Print the listing below from its opening line through the line holding "assms(1)] by blast", both ends included.
════════
lemma subring_ideal_sum_closed:
  "subring_ideal S K \<Longrightarrow> (\<And>i. i \<in> A \<Longrightarrow> f i \<in> K) \<Longrightarrow> sum f A \<in> K"
proof (induction A rule: infinite_finite_induct)
  case (insert x F)
  then show ?case using subring_idealD(3)[of S K "f x" "sum f F"] by simp
qed (simp_all add: subring_idealD(2))

lemma subring_ideal_diff:
  assumes "subring S" "subring_ideal S K" "x \<in> K" "y \<in> K"
  shows "x - y \<in> K"
proof -
  have "- 1 \<in> S" using subringD(2,5)[OF assms(1)] by blast
  then have "x + (- 1) * y \<in> K" using subring_idealD(3,4)[OF assms(2)] assms(3,4) by blast
  then show ?thesis by simp
qed

lemma subring_span_ideal:
  assumes S: "subring S" and xs: "set xs \<subseteq> S"
  shows "subring_ideal S (subring_span S xs)"
  unfolding subring_ideal_def
proof (intro conjI ballI)
  show "subring_span S xs \<subseteq> S"
    unfolding subring_span_def using xs
    by (auto intro!: subring_sum_closed[OF S] subringD(4)[OF S])
  show "0 \<in> subring_span S xs" unfolding subring_span_def using subringD(1)[OF S]
    by (auto intro!: exI[of _ "\<lambda>_. 0"])
  fix x y assume "x \<in> subring_span S xs" "y \<in> subring_span S xs"
  then obtain c d where "x = (\<Sum>i<length xs. c i * xs ! i)" "\<forall>i<length xs. c i \<in> S"
      "y = (\<Sum>i<length xs. d i * xs ! i)" "\<forall>i<length xs. d i \<in> S"
    unfolding subring_span_def by blast
  then show "x + y \<in> subring_span S xs" unfolding subring_span_def
    by (auto intro!: exI[of _ "\<lambda>i. c i + d i"] subringD(3)[OF S] simp: distrib_right sum.distrib)
next
  fix r x assume r: "r \<in> S" and "x \<in> subring_span S xs"
  then obtain c where "x = (\<Sum>i<length xs. c i * xs ! i)" "\<forall>i<length xs. c i \<in> S"
    unfolding subring_span_def by blast
  then show "r * x \<in> subring_span S xs" unfolding subring_span_def using r
    by (auto intro!: exI[of _ "\<lambda>i. r * c i"] subringD(4)[OF S] simp: sum_distrib_left mult.assoc)
qed

lemma subring_span_least:
  assumes "subring_ideal S K" "set xs \<subseteq> K"
  shows "subring_span S xs \<subseteq> K"
  using assms unfolding subring_span_def
  by (auto intro!: subring_ideal_sum_closed subring_idealD(4))

lemma subring_span_upper:
  assumes S: "subring S" and "x \<in> set xs"
  shows "x \<in> subring_span S xs"
proof -
  obtain k where k: "k < length xs" "xs ! k = x" using assms(2) by (auto simp: in_set_conv_nth)
  have "(\<Sum>i<length xs. (if i = k then 1 else 0) * xs ! i) = (\<Sum>i<length xs. if i = k then xs ! k else 0)"
    by (rule sum.cong) auto
  also have "\<dots> = x" using k by simp
  finally show ?thesis unfolding subring_span_def using subringD(1,2)[OF S]
    by (auto intro!: exI[of _ "\<lambda>i. if i = k then 1 else 0"])
qed

lemma subring_span_append:
  assumes S: "subring S"
  shows "subring_span S xs \<subseteq> subring_span S (xs @ ys)"
proof
  fix x assume "x \<in> subring_span S xs"
  then obtain c where x: "x = (\<Sum>i<length xs. c i * xs ! i)" and c: "\<forall>i<length xs. c i \<in> S"
    unfolding subring_span_def by blast
  define d where "d i = (if i < length xs then c i else 0)" for i
  have "(\<Sum>i<length (xs @ ys). d i * (xs @ ys) ! i) = (\<Sum>i<length xs. d i * (xs @ ys) ! i)"
    by (rule sum.mono_neutral_right) (auto simp: d_def)
  also have "\<dots> = x" unfolding x by (rule sum.cong) (auto simp: d_def nth_append)
  finally show "x \<in> subring_span S (xs @ ys)" unfolding subring_span_def using c subringD(1)[OF S]
    by (auto intro!: exI[of _ d] simp: d_def)
qed

lemma subring_UNIV: "subring UNIV"
  unfolding subring_def by simp

lemma subring_ideal_UNIV_iff: "subring_ideal UNIV K \<longleftrightarrow> is_ideal K"
  unfolding subring_ideal_def is_ideal_def by blast

lemma ideal_gen_set_eq_span: "ideal_gen (set xs) = subring_span UNIV xs"
proof
  have "subring_ideal UNIV (subring_span UNIV xs)"
    by (rule subring_span_ideal[OF subring_UNIV]) simp
  then show "ideal_gen (set xs) \<subseteq> subring_span UNIV xs"
    using subring_span_upper[OF subring_UNIV]
    by (intro ideal_gen_least) (auto simp: subring_ideal_UNIV_iff)
  show "subring_span UNIV xs \<subseteq> ideal_gen (set xs)"
    using ideal_gen_ideal ideal_gen_upper
    by (intro subring_span_least) (auto simp: subring_ideal_UNIV_iff)
qed

lemma subring_noetherian_UNIV:
  assumes "noetherian_ring TYPE('a::comm_ring_1)"
  shows "subring_noetherian (UNIV :: 'a set)"
  unfolding subring_noetherian_def
proof (intro allI impI)
  fix K :: "'a set" assume "subring_ideal UNIV K"
  then obtain S where S: "finite S" "K = ideal_gen S"
    using assms unfolding noetherian_ring_def subring_ideal_UNIV_iff by blast
  then obtain xs where "set xs = S" using finite_list by blast
  then show "\<exists>xs. set xs \<subseteq> K \<and> K = subring_span UNIV xs"
    using S(2) ideal_gen_upper ideal_gen_set_eq_span by blast
qed

lemma subring_noetherian_stabilizes:
  assumes N: "subring_noetherian S"
    and L: "\<And>n. subring_ideal S (\<Lambda> n)" and mono: "\<And>n m. n \<le> m \<Longrightarrow> \<Lambda> n \<subseteq> \<Lambda> m"
  shows "\<exists>n. \<Lambda> (Suc n) \<subseteq> \<Lambda> n"
proof -
  let ?U = "\<Union>n. \<Lambda> n"
  have U: "subring_ideal S ?U" unfolding subring_ideal_def
  proof (intro conjI ballI)
    show "?U \<subseteq> S" using subring_idealD(1)[OF L] by blast
    show "0 \<in> ?U" using subring_idealD(2)[OF L[of 0]] by blast
    fix x y assume "x \<in> ?U" "y \<in> ?U"
    then obtain a b where "x \<in> \<Lambda> a" "y \<in> \<Lambda> b" by blast
    then have "x \<in> \<Lambda> (max a b)" "y \<in> \<Lambda> (max a b)" using mono[of a "max a b"] mono[of b "max a b"] by auto
    then show "x + y \<in> ?U" using subring_idealD(3)[OF L] by blast
  next
    fix r x assume "r \<in> S" "x \<in> ?U"
    then show "r * x \<in> ?U" using subring_idealD(4)[OF L] by blast
  qed
  obtain xs where xs: "set xs \<subseteq> ?U" "?U = subring_span S xs"
    using N[unfolded subring_noetherian_def, rule_format, OF U] by blast
  have "\<forall>x\<in>set xs. \<exists>n. x \<in> \<Lambda> n" using xs(1) by blast
  then have "\<exists>k. \<forall>x\<in>set xs. x \<in> \<Lambda> (k x)" by (rule bchoice)
  then obtain k where k: "\<forall>x\<in>set xs. x \<in> \<Lambda> (k x)" by blast
  define M where "M = Max (k ` set xs)"
  have "set xs \<subseteq> \<Lambda> M"
  proof
    fix x assume x: "x \<in> set xs"
    then have "\<Lambda> (k x) \<subseteq> \<Lambda> M" unfolding M_def by (intro mono) simp
    then show "x \<in> \<Lambda> M" using k x by blast
  qed
  then have "subring_span S xs \<subseteq> \<Lambda> M" by (rule subring_span_least[OF L])
  then have "?U \<subseteq> \<Lambda> M" using xs(2) by simp
  moreover have "\<Lambda> (Suc M) \<subseteq> ?U" by blast
  ultimately show ?thesis by (intro exI[of _ M]) blast
qed

definition ring_hom_on :: "'b::comm_ring_1 set \<Rightarrow> ('b \<Rightarrow> 'c::comm_ring_1) \<Rightarrow> bool" where
  "ring_hom_on S h \<longleftrightarrow> h 1 = 1 \<and> (\<forall>x\<in>S. \<forall>y\<in>S. h (x + y) = h x + h y \<and> h (x * y) = h x * h y)"

lemma ring_hom_onD:
  assumes "subring S" "ring_hom_on S h"
  shows "h 0 = 0" "h 1 = 1" "x \<in> S \<Longrightarrow> y \<in> S \<Longrightarrow> h (x + y) = h x + h y"
    "x \<in> S \<Longrightarrow> y \<in> S \<Longrightarrow> h (x * y) = h x * h y" "x \<in> S \<Longrightarrow> h (- x) = - h x"
proof -
  have add: "\<And>x y. x \<in> S \<Longrightarrow> y \<in> S \<Longrightarrow> h (x + y) = h x + h y"
    using assms(2) unfolding ring_hom_on_def by blast
  show "h 0 = 0" using add[of 0 0] subringD(1)[OF assms(1)] by simp
  then show "x \<in> S \<Longrightarrow> h (- x) = - h x"
    using add[of x "- x"] subringD(5)[OF assms(1)] by (simp add: eq_neg_iff_add_eq_0 add.commute)
  show "h 1 = 1" "x \<in> S \<Longrightarrow> y \<in> S \<Longrightarrow> h (x + y) = h x + h y"
    "x \<in> S \<Longrightarrow> y \<in> S \<Longrightarrow> h (x * y) = h x * h y"
    using assms(2) unfolding ring_hom_on_def by blast+
qed

lemma subring_image:
  assumes S: "subring S" and h: "ring_hom_on S h"
  shows "subring (h ` S)"
  unfolding subring_def
proof (intro conjI ballI)
  show "0 \<in> h ` S" "1 \<in> h ` S"
    using subringD(1,2)[OF S] ring_hom_onD(1,2)[OF S h] by (metis image_eqI)+
  fix x y assume "x \<in> h ` S" "y \<in> h ` S"
  then obtain a b where "a \<in> S" "b \<in> S" "x = h a" "y = h b" by blast
  then show "x + y \<in> h ` S" "x * y \<in> h ` S" "- x \<in> h ` S"
    using subringD(3-5)[OF S] ring_hom_onD(3-5)[OF S h] by (metis image_eqI)+
qed

lemma ring_hom_on_span:
  assumes S: "subring S" and h: "ring_hom_on S h" and xs: "set xs \<subseteq> S"
    and s: "s \<in> subring_span S xs"
  shows "h s \<in> subring_span (h ` S) (map h xs)"
proof -
  obtain c where c: "s = (\<Sum>i<length xs. c i * xs ! i)" "\<forall>i<length xs. c i \<in> S"
    using s unfolding subring_span_def by blast
  have xsS: "xs ! i \<in> S" if "i < length xs" for i using xs nth_mem[OF that] by blast
  have "h (\<Sum>i\<in>A. c i * xs ! i) = (\<Sum>i\<in>A. h (c i) * h (xs ! i))" if "A \<subseteq> {..<length xs}" for A
    using that
  proof (induction A rule: infinite_finite_induct)
    case (insert i A)
    have "c i * xs ! i \<in> S" "(\<Sum>i\<in>A. c i * xs ! i) \<in> S" "xs ! i \<in> S"
      using insert c(2) xsS by (auto intro!: subring_sum_closed[OF S] subringD(4)[OF S])
    then show ?case using insert c(2) xsS ring_hom_onD(3,4)[OF S h] by auto
  qed (auto simp: ring_hom_onD(1)[OF S h])
  then have "h s = (\<Sum>i<length (map h xs). h (c i) * map h xs ! i)" using c(1) by simp
  then show ?thesis unfolding subring_span_def
    using c(2) by (intro CollectI exI[of _ "\<lambda>i. h (c i)"]) auto
qed

lemma subring_noetherian_image:
  assumes S: "subring S" and N: "subring_noetherian S" and h: "ring_hom_on S h"
  shows "subring_noetherian (h ` S)"
  unfolding subring_noetherian_def
proof (intro allI impI)
  fix K assume K: "subring_ideal (h ` S) K"
  let ?K' = "{s \<in> S. h s \<in> K}"
  have K': "subring_ideal S ?K'"
    unfolding subring_ideal_def
  proof (intro conjI ballI)
    show "?K' \<subseteq> S" "0 \<in> ?K'" using subringD(1)[OF S] ring_hom_onD(1)[OF S h] subring_idealD(2)[OF K] by auto
    fix x y assume "x \<in> ?K'" "y \<in> ?K'"
    then show "x + y \<in> ?K'" using subringD(3)[OF S] ring_hom_onD(3)[OF S h] subring_idealD(3)[OF K] by auto
  next
    fix r x assume "r \<in> S" "x \<in> ?K'"
    then show "r * x \<in> ?K'" using subringD(4)[OF S] ring_hom_onD(4)[OF S h] subring_idealD(4)[OF K] by auto
  qed
  obtain xs where xs: "set xs \<subseteq> ?K'" "?K' = subring_span S xs"
    using N[unfolded subring_noetherian_def, rule_format, OF K'] by blast
  have ysK: "set (map h xs) \<subseteq> K" using xs(1) by auto
  have "K \<subseteq> subring_span (h ` S) (map h xs)"
  proof
    fix k assume "k \<in> K"
    then obtain s where "s \<in> ?K'" "k = h s" using subring_idealD(1)[OF K] by blast
    then show "k \<in> subring_span (h ` S) (map h xs)"
      using ring_hom_on_span[OF S h _ , of xs s] xs by blast
  qed
  then show "\<exists>xs. set xs \<subseteq> K \<and> K = subring_span (h ` S) xs"
    using ysK subring_span_least[OF K ysK] by blast
qed

section \<open>Hilbert's basis theorem\<close>

definition polys :: "'b::comm_ring_1 set \<Rightarrow> 'b poly set" where
  "polys S = {p. \<forall>n. coeff p n \<in> S}"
════════
→ TASK RESULT
lemma subring_ideal_sum_closed:
  "subring_ideal S K \<Longrightarrow> (\<And>i. i \<in> A \<Longrightarrow> f i \<in> K) \<Longrightarrow> sum f A \<in> K"
proof (induction A rule: infinite_finite_induct)
  case (insert x F)
  then show ?case using subring_idealD(3)[of S K "f x" "sum f F"] by simp
qed (simp_all add: subring_idealD(2))

lemma subring_ideal_diff:
  assumes "subring S" "subring_ideal S K" "x \<in> K" "y \<in> K"
  shows "x - y \<in> K"
proof -
  have "- 1 \<in> S" using subringD(2,5)[OF assms(1)] by blast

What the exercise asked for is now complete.